Demonstranten und Polizei lieferten sich heftige Auseinandersetzungen in Bure

Bei Protesten gegen ein geplantes Atommülllager im ostfranzösischen Bure haben sich Demonstranten und Polizei heftige Auseinandersetzungen geliefert. Demonstranten warfen den Behörden zufolge am Dienstagnachmittag Steine und Brandsätze auf die Sicherheitskräfte. Die Beamten setzten einen Wasserwerfer, Tränengas und Blendgranaten ein. Es gab mehrere Verletzte.

Die Präfektur des Departements Meuse erklärte, an den Protesten in Bure hätten rund 300 Demonstranten teilgenommen. Die meisten seien vermummt gewesen, hätten Helme getragen und seien mit Stangen bewaffnet gewesen. Demnach wurden zwei Polizisten und mindestens drei Demonstranten verletzt.

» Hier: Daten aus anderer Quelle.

lemma rows_GtH_test_set:
  fixes emb :: "'f::{finite,field} \<Rightarrow> 'e::{finite,field}"
  assumes ext: "field_ext emb u" and H: "parity_check n k C H"
    and D: "lin_code_d m kk d D" and "0 < m"
    and G': "set G' \<subseteq> D" "distinct G'" "fs.independent (set G')" "length G' = n - k"
    and p: "0 < p" "p < 1" "(1 - p) * real m \<le> real d"
  shows "test_set n emb C p (mset (rows_GtH m emb G' H))"
proof -
  define S where "S = mset (rows_GtH m emb G' H)"
  have len: "length (rows_GtH m emb G' H) = m"
    by (simp add: rows_GtH_def)
  then have sizeS: "size S = m"
    by (simp add: S_def)
  have "set_mset S \<subseteq> vecs n"
    unfolding S_def using H G'(4) rows_GtH_vecs[OF ext]
    by (simp add: parity_check_def is_matrix_def)
  moreover have "(x \<in> C \<longleftrightarrow> (\<forall>y\<in>#S. ip n emb x y = 0)) \<and>
        ((\<exists>y\<in>#S. ip n emb x y \<noteq> 0) \<longrightarrow>
           real (size (filter_mset (\<lambda>y. ip n emb x y \<noteq> 0) S)) \<ge> (1 - p) * real (size S))"
    if x: "x \<in> vecs n" for x
  proof -
    have code: "lin_code m kk D" "min_dist m D = d"
      using D by (auto simp: lin_code_d_def)
    obtain w where "w \<in> D" and C_iff_w: "x \<in> C \<longleftrightarrow> w = 0"
      and w_ip: "\<And>j. j < m \<Longrightarrow> w j = ip n emb x (rows_GtH m emb G' H ! j)"
      using rows_GtH_pairing_codeword[OF ext H code(1) G' x] by blast
    then have "w \<in> vecs m"
      using code(1) by (auto simp: lin_code_def)
    then have w_iff_S: "w = 0 \<longleftrightarrow> (\<forall>y\<in>#S. ip n emb x y = 0)"
      using vecs_eq_0_iff[of w m] w_ip len by (simp add: S_def all_set_conv_all_nth)
    have "size (filter_mset (\<lambda>y. ip n emb x y \<noteq> 0) S)
        = card {j. j < length (rows_GtH m emb G' H) \<and> ip n emb x (rows_GtH m emb G' H ! j) \<noteq> 0}"
      unfolding S_def by (simp flip: mset_filter add: length_filter_conv_card)
    also have "\<dots> = hweight m w"
      unfolding hweight_def len using w_ip by (intro arg_cong[where f = card]) auto
    finally have count: "size (filter_mset (\<lambda>y. ip n emb x y \<noteq> 0) S) = hweight m w" .
    show ?thesis
    proof (intro conjI impI)
      show "x \<in> C \<longleftrightarrow> (\<forall>y\<in>#S. ip n emb x y = 0)"
        using C_iff_w w_iff_S by simp
      assume "\<exists>y\<in>#S. ip n emb x y \<noteq> 0"
      then have "w \<noteq> 0" using w_iff_S by auto
      then have "d \<le> hweight m w"
        using min_dist_le_hweight[OF \<open>w \<in> D\<close>, of m] code(2) by simp
      then show "(1 - p) * real (size S) \<le> real (size (filter_mset (\<lambda>y. ip n emb x y \<noteq> 0) S))"
        using count p(3) sizeS by simp
    qed
  qed
  ultimately show ?thesis
    unfolding test_set_def S_def[symmetric] using p \<open>0 < m\<close> sizeS by auto
qed

lemma determine_codeword_ops_le:
  assumes "S \<noteq> {#}" "(b, ops) \<in> set_pmf (determine_codeword u n emb S r x)"
  shows "ops \<le> r * ip_cost u n"
  using assms(2)
proof (induction r arbitrary: b ops)
  case (Suc r)
  with assms(1) show ?case
    by (auto split: if_splits dest!: Suc.IH)
qed simp

lemma determine_codeword_accepts:
  assumes "S \<noteq> {#}" "\<forall>y\<in>#S. ip n emb x y = 0"
    and "(b, ops) \<in> set_pmf (determine_codeword u n emb S r x)"
  shows b
  using assms(3)
proof (induction r arbitrary: b ops)
  case (Suc r)
  with assms(1,2) show ?case
    by (auto split: if_splits dest!: Suc.IH)
qed simp

lemma measure_pmf_of_multiset:
  assumes "S \<noteq> {#}"
  shows "measure_pmf.prob (pmf_of_multiset S) {y. P y} = real (size (filter_mset P S)) / real (size S)"
proof -
  have "measure_pmf.prob (pmf_of_multiset S) {y. P y}
      = measure_pmf.prob (pmf_of_multiset S) ({y. P y} \<inter> set_mset S)"
    using measure_Int_set_pmf[of "pmf_of_multiset S" "{y. P y}"] assms by simp
  also have "\<dots> = (\<Sum>y\<in>set_mset (filter_mset P S). real (count (filter_mset P S) y)) / real (size S)"
    using assms by (subst measure_measure_pmf_finite) (auto simp: sum_divide_distrib intro: sum.cong)
  also have "\<dots> = real (size (filter_mset P S)) / real (size S)"
    by (simp add: size_multiset_overloaded_eq)
  finally show ?thesis .
qed

lemma determine_codeword_accept_prob_le:
  assumes S: "S \<noteq> {#}"
  shows "measure_pmf.prob (determine_codeword u n emb S r x) {(b, ops). b}
    \<le> measure_pmf.prob (pmf_of_multiset S) {y. ip n emb x y = 0} ^ r"
proof -
  define q where "q = measure_pmf.prob (pmf_of_multiset S) {y. ip n emb x y = 0}"
  let ?E = "{(b, ops). b} :: (bool \<times> nat) set"
  have "emeasure (determine_codeword u n emb S r x) ?E \<le> ennreal (q ^ r)"
  proof (induction r)
    case (Suc r)
    have "emeasure (determine_codeword u n emb S (Suc r) x) ?E
        = (\<integral>\<^sup>+y. (if ip n emb x y \<noteq> 0 then 0 else emeasure (determine_codeword u n emb S r x) ?E)
            \<partial>pmf_of_multiset S)"
      by (auto simp: vimage_def case_prod_unfold intro!: nn_integral_cong)
    also have "\<dots> \<le> (\<integral>\<^sup>+y. ennreal (q ^ r) * indicator {y. ip n emb x y = 0} y \<partial>pmf_of_multiset S)"
      using Suc.IH by (intro nn_integral_mono) auto
    also have "\<dots> = ennreal (q ^ r) * emeasure (pmf_of_multiset S) {y. ip n emb x y = 0}"
      by (rule nn_integral_cmult_indicator) simp
    also have "\<dots> = ennreal (q ^ Suc r)"
      by (simp add: q_def measure_pmf.emeasure_eq_measure ennreal_mult'[symmetric] mult.commute)
    finally show ?case .
  qed (simp add: measure_pmf.emeasure_le_1)
  then show ?thesis
    by (simp add: q_def measure_pmf.emeasure_eq_measure ennreal_le_iff)
qed
lemma lipschitz_set_corkscrew_near_frontier:
  fixes \<Omega> :: "'a::euclidean_space set"
  assumes "lipschitz_set \<Omega>" "p \<in> frontier \<Omega>"
  obtains \<epsilon> c where "0 < \<epsilon>" "0 < c" "corkscrew_on (\<Omega> \<inter> ball p \<epsilon>) \<Omega> \<epsilon> c"
proof -
  obtain U e g L where U: "open U" "p \<in> U" and e: "norm e = 1"
    and g: "L-lipschitz_on {y. y \<bullet> e = 0} g"
    and \<Omega>U: "\<Omega> \<inter> U = {x\<in>U. x \<bullet> e < g (x - (x \<bullet> e) *\<^sub>R e)}"
    using assms unfolding lipschitz_set_def by blast
  obtain \<delta> where \<delta>: "0 < \<delta>" "ball p \<delta> \<subseteq> U" using U open_contains_ball by blast
  have L: "0 \<le> L" using g by (rule lipschitz_on_nonneg)
  have "corkscrew_on (\<Omega> \<inter> ball p (\<delta>/2)) \<Omega> (\<delta>/2) (1 / (4 * (1 + L)))"
    unfolding corkscrew_on_def
  proof (intro ballI allI impI)
    fix x r assume x: "x \<in> \<Omega> \<inter> ball p (\<delta>/2)" and r: "0 < r \<and> r \<le> \<delta>/2"
    define B where "B = ball (x - (r/2) *\<^sub>R e) (1 / (4 * (1 + L)) * r)"
    have B_annulus: "B \<subseteq> ball x r - cball x (r/4)"
      unfolding B_def using L r by (intro ball_subset_annulus[OF e]) (simp add: field_simps)
    have "B \<subseteq> ball p \<delta>"
    proof
      fix y assume "y \<in> B"
      then have "dist x y < r" using B_annulus by auto
      then show "y \<in> ball p \<delta>" using x r dist_triangle[of p y x] by simp
    qed
    moreover have "x \<in> U" using x \<delta> by auto
    then have "x \<bullet> e < g (x - (x \<bullet> e) *\<^sub>R e)" using x \<Omega>U by blast
    then have "B \<subseteq> {y. y \<bullet> e < g (y - (y \<bullet> e) *\<^sub>R e)}"
      unfolding B_def using ball_below_lipschitz_graph[OF e g] by simp
    ultimately have "B \<subseteq> \<Omega>" using \<delta> \<Omega>U by blast
    then show "\<exists>z. ball z (1 / (4 * (1 + L)) * r) \<subseteq> \<Omega> \<inter> (ball x r - cball x (r/4))"
      using B_annulus unfolding B_def by blast
  qed
  then show thesis using that[of "\<delta>/2" "1 / (4 * (1 + L))"] \<delta> L by simp
qed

Die Gegner des Atommülllagers erklärten, auf ihrer Seite seien sechs Menschen schwer und rund 30 leicht verletzt worden. Die Demonstranten seien Opfer einer "sehr brutalen Repression" seitens der Polizei geworden. Demnach nahmen an den Protesten gegen das Atommülllager 1.000 Personen teil.

In dem knapp 80 Kilometer westlich von Nancy gelegenen Bure sollen künftig in 500 Metern Tiefe die am stärksten strahlenden Abfälle aus den französischen Atomkraftwerken eingelagert werden, vor allem abgebrannte Kernbrennstäbe. Gegen das Vorhaben gibt es schon lange Proteste. Kritiker zweifeln die Sicherheit des Standorts an, an dem bereits in einem unterirdischen Forschungslabor die Stabilität der Erd- und Gesteinsschichten getestet wird.